(* Let $\lambda>0$, let $f(x)=\lambda e^{-\lambda x}$ ($x\geq 0$) be the exponential density with hazard rate $\lambda$, and let $X$ have the $\Gamma(n,\lambda)$ distribution (density $\lambda^n x^{n-1}e^{-\lambda x}/(n-1)!$) with integer $n\geq 2$. For every integer $s\geq 2$, the density $g_s$ of the $s$-iterated distribution induced by $X$ satisfies $$g_s(x)=f_s^{n*}(x)=\frac{n-1}{n+s-2}\,f\ast f_s^{(n-1)*}(x)+\frac{s-1}{n+s-2}\,f(x),\qquad x\geq 0.$$
   Context: For a nonnegative absolutely continuous random variable $Y$ with density $f_Y$, set $\overline{T}_{Y,0}=f_Y$, $\mu_{Y,0}=1$, and for integers $s\geq 1$ define recursively $\overline{T}_{Y,s}(x)=\frac{1}{\mu_{Y,s-1}}\int_x^\infty\overline{T}_{Y,s-1}(t)\,dt$ and $\mu_{Y,s}=\int_0^\infty\overline{T}_{Y,s}(t)\,dt$. $\overline{T}_{Y,s}$ is the tail of the $s$-iterated distribution induced by $Y$, whose density is $\overline{T}_{Y,s-1}/\mu_{Y,s-1}$. For $k\geq 1$, $f_s^{k*}$ denotes the density of the $s$-iterated distribution induced by $S_k=X_1+\cdots+X_k$, where $X_i$ are i.i.d. with density $f$ (so $S_k\sim\Gamma(k,\lambda)$). Convolution: $g\ast h(x)=\int_0^x g(t)h(x-t)\,dt$. *)

theory Defs
  imports "HOL-Analysis.Analysis"
begin

definition gamma_dens :: "nat \<Rightarrow> real \<Rightarrow> real \<Rightarrow> real" where
  "gamma_dens k l x =
     (if x \<ge> 0 then l ^ k * x ^ (k - 1) * exp (- l * x) / fact (k - 1) else 0)"

fun iter_tail :: "(real \<Rightarrow> real) \<Rightarrow> nat \<Rightarrow> (real \<Rightarrow> real) \<times> real" where
  "iter_tail f 0 = (f, 1)"
| "iter_tail f (Suc s) =
     (let T = fst (iter_tail f s); m = snd (iter_tail f s);
          T' = (\<lambda>x. integral {x..} T / m)
      in (T', integral {0..} T'))"

definition Tbar :: "(real \<Rightarrow> real) \<Rightarrow> nat \<Rightarrow> real \<Rightarrow> real" where
  "Tbar f s = fst (iter_tail f s)"

definition mu :: "(real \<Rightarrow> real) \<Rightarrow> nat \<Rightarrow> real" where
  "mu f s = snd (iter_tail f s)"

definition iter_density :: "(real \<Rightarrow> real) \<Rightarrow> nat \<Rightarrow> real \<Rightarrow> real" where
  "iter_density f s x = Tbar f (s - 1) x / mu f (s - 1)"

definition conv :: "(real \<Rightarrow> real) \<Rightarrow> (real \<Rightarrow> real) \<Rightarrow> real \<Rightarrow> real" where
  "conv g h x = integral {0..x} (\<lambda>t. g t * h (x - t))"

end

theory Submission
  imports Defs
begin

text \<open>
  The \<open>\<Gamma>(N+1, l)\<close> density is the Erlang density \<open>q_N\<close>, where
  \<open>q_k(t) = l^(k+1) t^k e^(-l t) / k!\<close>, and the tail integral of \<open>q_k\<close> from \<open>x\<close> is
  \<open>(q_0(x) + ... + q_k(x)) / l\<close>. Hence every iterated tail of \<open>\<Gamma>(N+1, l)\<close> is a positive
  mixture of \<open>q_0, ..., q_N\<close>, and by the hockey-stick identity the \<open>s\<close>-iterated density
  has the weights \<open>C(N-k+s-2, N-k)\<close>, normalised by \<open>C(N+s-1, N)\<close>. Since
  \<open>q_0 * q_k = q_(k+1)\<close>, the mixture for \<open>N+1\<close> without its \<open>q_0\<close> term is the convolution
  of \<open>f = q_0\<close> with the mixture for \<open>N\<close>; the coefficients of the theorem then come from
  two binomial identities.
\<close>

text \<open>The \<open>\<Gamma>(k+1, l)\<close> density, without the truncation at 0 so that it is smooth on all reals.\<close>
definition erlang_pdf :: "real \<Rightarrow> nat \<Rightarrow> real \<Rightarrow> real" where
  "erlang_pdf l k t = l ^ Suc k * t ^ k * exp (- l * t) / fact k"

definition erlang_mix :: "real \<Rightarrow> (nat \<Rightarrow> real) \<Rightarrow> nat \<Rightarrow> real \<Rightarrow> real" where
  "erlang_mix l a N t = (\<Sum>k\<le>N. a k * erlang_pdf l k t)"

lemma gamma_dens_Suc_eq_erlang_pdf: "t \<ge> 0 \<Longrightarrow> gamma_dens (Suc k) l t = erlang_pdf l k t"
  by (simp add: gamma_dens_def erlang_pdf_def)

lemma erlang_pdf_nonneg: "l > 0 \<Longrightarrow> t \<ge> 0 \<Longrightarrow> erlang_pdf l k t \<ge> 0"
  by (simp add: erlang_pdf_def)

lemma erlang_pdf_at_0: "erlang_pdf l k 0 = (if k = 0 then l else 0)"
  by (simp add: erlang_pdf_def)

lemma continuous_on_erlang_pdf: "continuous_on A (erlang_pdf l k)"
  unfolding erlang_pdf_def by (intro continuous_intros) auto

lemma erlang_pdf_tendsto_0:
  assumes "l > 0"
  shows "(erlang_pdf l k \<longlongrightarrow> 0) at_top"
proof -
  have "erlang_pdf l k = (\<lambda>t. l / fact k * ((l * t) ^ k / exp (l * t)))"
    by (simp add: erlang_pdf_def exp_minus field_simps fun_eq_iff)
  moreover have "((\<lambda>t. (l * t) ^ k / exp (l * t)) \<longlongrightarrow> 0) at_top"
    by (rule filterlim_compose[OF tendsto_power_div_exp_0
          filterlim_tendsto_pos_mult_at_top[OF tendsto_const assms filterlim_ident]])
  ultimately show ?thesis
    using tendsto_mult_right_zero by metis
qed

lemma erlang_pdf_0_has_real_derivative:
  "(erlang_pdf l 0 has_real_derivative - l * erlang_pdf l 0 t) (at t)"
  unfolding erlang_pdf_def by (auto intro!: derivative_eq_intros)

lemma erlang_pdf_Suc_has_real_derivative:
  "(erlang_pdf l (Suc k) has_real_derivative l * erlang_pdf l k t - l * erlang_pdf l (Suc k) t) (at t)"
proof -
  have "(erlang_pdf l (Suc k) has_real_derivative
      (l ^ Suc (Suc k) * (real (Suc k) * t ^ k) * exp (- l * t)
       + l ^ Suc (Suc k) * t ^ Suc k * (exp (- l * t) * (- l))) / fact (Suc k)) (at t)"
    unfolding erlang_pdf_def by (auto intro!: derivative_eq_intros simp del: fact_Suc power_Suc)
  moreover have "(l ^ Suc (Suc k) * (real (Suc k) * t ^ k) * exp (- l * t)
       + l ^ Suc (Suc k) * t ^ Suc k * (exp (- l * t) * (- l))) / fact (Suc k)
      = l * erlang_pdf l k t - l * erlang_pdf l (Suc k) t"
    unfolding erlang_pdf_def by (simp add: field_simps del: of_nat_Suc)
  ultimately show ?thesis by simp
qed

lemma erlang_pdf_partial_sum_has_real_derivative:
  "((\<lambda>t. \<Sum>i\<le>k. erlang_pdf l i t) has_real_derivative - l * erlang_pdf l k t) (at t)"
proof (induction k)
  case 0
  then show ?case using erlang_pdf_0_has_real_derivative by simp
next
  case (Suc k)
  from DERIV_add[OF Suc erlang_pdf_Suc_has_real_derivative[of l k t]]
  show ?case by (simp add: algebra_simps)
qed

lemma has_integral_erlang_pdf_tail:
  assumes "l > 0" and "c \<ge> 0"
  shows "(erlang_pdf l k has_integral (\<Sum>i\<le>k. erlang_pdf l i c) / l) {c..}"
proof (rule has_integral_to_inf)
  define F where "F t = - (\<Sum>i\<le>k. erlang_pdf l i t) / l" for t
  show "erlang_pdf l k integrable_on {c..y}" for y
    by (intro integrable_continuous_interval continuous_on_erlang_pdf)
  show "erlang_pdf l k y \<ge> 0" if "y \<ge> c" for y
    using that assms erlang_pdf_nonneg by auto
  have "(F has_real_derivative - (- l * erlang_pdf l k t) / l) (at t)" for t
    unfolding F_def by (intro DERIV_cdivide DERIV_minus erlang_pdf_partial_sum_has_real_derivative)
  then have "(F has_real_derivative erlang_pdf l k t) (at t)" for t
    using assms(1) by simp
  then have "(erlang_pdf l k has_integral F y - F c) {c..y}" if "c \<le> y" for y
    by (intro fundamental_theorem_of_calculus that)
       (auto simp: has_real_derivative_iff_has_vector_derivative intro: has_vector_derivative_at_within)
  then have "\<forall>\<^sub>F y in at_top. F y - F c = integral {c..y} (erlang_pdf l k)"
    unfolding eventually_at_top_linorder by (intro exI[of _ c]) (auto intro: integral_unique[symmetric])
  moreover have "((\<lambda>y. F y - F c) \<longlongrightarrow> - 0 / l - F c) at_top"
    unfolding F_def
    using assms(1) by (intro tendsto_intros tendsto_null_sum[OF erlang_pdf_tendsto_0]) auto
  ultimately show "((\<lambda>y. integral {c..y} (erlang_pdf l k)) \<longlongrightarrow> (\<Sum>i\<le>k. erlang_pdf l i c) / l) at_top"
    by (auto simp: F_def elim: Lim_transform_eventually)
qed

lemma has_integral_erlang_pdf_convolution:
  assumes "x \<ge> 0"
  shows "((\<lambda>t. erlang_pdf l 0 t * erlang_pdf l k (x - t)) has_integral erlang_pdf l (Suc k) x) {0..x}"
proof -
  define C where "C = l ^ Suc (Suc k) * exp (- l * x)"
  have integrand: "erlang_pdf l 0 t * erlang_pdf l k (x - t) = C * (x - t) ^ k / fact k" for t
  proof -
    have "exp (- l * t) * exp (- l * (x - t)) = exp (- l * x)"
      by (simp flip: exp_add add: algebra_simps)
    then show ?thesis
      unfolding erlang_pdf_def C_def by (simp add: mult_ac)
  qed
  have "((\<lambda>t. - C * (x - t) ^ Suc k / fact (Suc k)) has_real_derivative
      - C * (real (Suc k) * (x - t) ^ k * (0 - 1)) / fact (Suc k)) (at t within {0..x})" for t
    by (auto intro!: derivative_eq_intros simp del: fact_Suc power_Suc of_nat_Suc)
  moreover have "- C * (real (Suc k) * (x - t) ^ k * (0 - 1)) / fact (Suc k) = C * (x - t) ^ k / fact k"
    for t by (simp add: fact_Suc[of k] del: of_nat_Suc)
  ultimately have "((\<lambda>t. C * (x - t) ^ k / fact k) has_integral
      (- C * (x - x) ^ Suc k / fact (Suc k)) - (- C * (x - 0) ^ Suc k / fact (Suc k))) {0..x}"
    by (intro fundamental_theorem_of_calculus assms)
       (simp add: has_real_derivative_iff_has_vector_derivative)
  then show ?thesis
    unfolding integrand by (simp add: erlang_pdf_def C_def mult_ac)
qed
-*-*-
EXERCISE BRIEF
Please copy, exactly as written, every line in the listing above from the line with "t)) \<longlongrightarrow> 0)" up to and including the line with "unfolding erlang_pdf_def by (auto intro!: derivative_eq_intros)".

RESPONSE TO THIS EXERCISE
  moreover have "((\<lambda>t. (l * t) ^ k / exp (l * t)) \<longlongrightarrow> 0) at_top"
    by (rule filterlim_compose[OF tendsto_power_div_exp_0
          filterlim_tendsto_pos_mult_at_top[OF tendsto_const assms filterlim_ident]])
  ultimately show ?thesis
    using tendsto_mult_right_zero by metis
qed

lemma erlang_pdf_0_has_real_derivative:
  "(erlang_pdf l 0 has_real_derivative - l * erlang_pdf l 0 t) (at t)"
  unfolding erlang_pdf_def by (auto intro!: derivative_eq_intros)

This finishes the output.